> **Stored records**:
#####

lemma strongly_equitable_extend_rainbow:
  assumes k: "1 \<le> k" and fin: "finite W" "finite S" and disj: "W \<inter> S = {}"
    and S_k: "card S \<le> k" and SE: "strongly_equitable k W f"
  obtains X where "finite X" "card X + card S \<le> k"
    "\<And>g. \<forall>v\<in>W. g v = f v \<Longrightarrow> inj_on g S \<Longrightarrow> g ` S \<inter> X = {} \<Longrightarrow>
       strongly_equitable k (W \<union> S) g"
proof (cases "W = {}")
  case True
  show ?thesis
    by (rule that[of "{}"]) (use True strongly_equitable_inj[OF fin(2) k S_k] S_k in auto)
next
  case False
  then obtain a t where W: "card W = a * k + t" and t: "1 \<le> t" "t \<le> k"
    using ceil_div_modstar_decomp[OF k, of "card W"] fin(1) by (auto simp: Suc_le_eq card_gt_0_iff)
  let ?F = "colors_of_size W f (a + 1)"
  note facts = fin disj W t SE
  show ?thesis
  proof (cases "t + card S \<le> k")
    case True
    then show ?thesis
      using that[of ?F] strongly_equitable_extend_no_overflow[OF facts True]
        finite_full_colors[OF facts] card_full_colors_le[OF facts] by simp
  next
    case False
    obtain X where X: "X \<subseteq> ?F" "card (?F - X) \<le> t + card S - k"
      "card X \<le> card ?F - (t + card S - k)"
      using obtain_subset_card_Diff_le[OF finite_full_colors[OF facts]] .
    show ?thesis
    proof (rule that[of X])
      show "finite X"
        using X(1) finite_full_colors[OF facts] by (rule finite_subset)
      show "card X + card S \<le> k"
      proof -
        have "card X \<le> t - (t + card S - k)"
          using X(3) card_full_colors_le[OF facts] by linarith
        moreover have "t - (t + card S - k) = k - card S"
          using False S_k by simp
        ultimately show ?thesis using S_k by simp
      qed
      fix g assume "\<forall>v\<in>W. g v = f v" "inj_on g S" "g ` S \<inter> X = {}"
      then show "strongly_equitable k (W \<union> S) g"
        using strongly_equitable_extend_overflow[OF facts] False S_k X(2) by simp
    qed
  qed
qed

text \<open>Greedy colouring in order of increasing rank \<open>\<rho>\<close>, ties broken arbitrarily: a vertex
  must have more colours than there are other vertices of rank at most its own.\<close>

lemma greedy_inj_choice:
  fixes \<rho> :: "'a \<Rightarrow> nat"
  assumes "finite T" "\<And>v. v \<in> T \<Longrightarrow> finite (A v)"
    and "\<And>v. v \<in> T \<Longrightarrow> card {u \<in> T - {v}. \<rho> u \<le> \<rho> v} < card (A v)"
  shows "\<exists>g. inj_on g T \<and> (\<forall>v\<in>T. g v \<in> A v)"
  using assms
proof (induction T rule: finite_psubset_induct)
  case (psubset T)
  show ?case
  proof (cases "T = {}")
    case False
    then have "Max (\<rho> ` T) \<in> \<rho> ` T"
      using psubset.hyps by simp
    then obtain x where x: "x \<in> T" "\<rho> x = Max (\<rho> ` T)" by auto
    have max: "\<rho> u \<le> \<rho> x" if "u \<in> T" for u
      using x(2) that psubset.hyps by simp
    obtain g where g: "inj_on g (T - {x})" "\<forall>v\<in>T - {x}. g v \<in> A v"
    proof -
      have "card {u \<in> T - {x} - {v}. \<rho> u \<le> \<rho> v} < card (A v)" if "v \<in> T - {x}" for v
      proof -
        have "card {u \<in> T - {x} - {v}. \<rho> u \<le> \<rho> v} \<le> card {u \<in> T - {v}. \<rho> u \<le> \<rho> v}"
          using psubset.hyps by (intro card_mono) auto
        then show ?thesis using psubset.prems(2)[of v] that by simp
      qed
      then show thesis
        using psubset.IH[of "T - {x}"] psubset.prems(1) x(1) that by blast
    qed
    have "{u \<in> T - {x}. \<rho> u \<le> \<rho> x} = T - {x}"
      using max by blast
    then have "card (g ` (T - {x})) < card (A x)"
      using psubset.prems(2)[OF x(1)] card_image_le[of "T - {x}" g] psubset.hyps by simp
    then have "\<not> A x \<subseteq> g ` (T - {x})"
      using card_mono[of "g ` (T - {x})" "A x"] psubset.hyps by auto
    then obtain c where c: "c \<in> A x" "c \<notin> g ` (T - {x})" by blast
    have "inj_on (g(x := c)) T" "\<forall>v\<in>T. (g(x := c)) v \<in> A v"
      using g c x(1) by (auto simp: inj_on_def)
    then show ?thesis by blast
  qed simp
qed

#####

> **EXERCISE BRIEF**: Check each line above for "forall" and state how many match, answering with only the number.

> **FINISHED TASK**: 5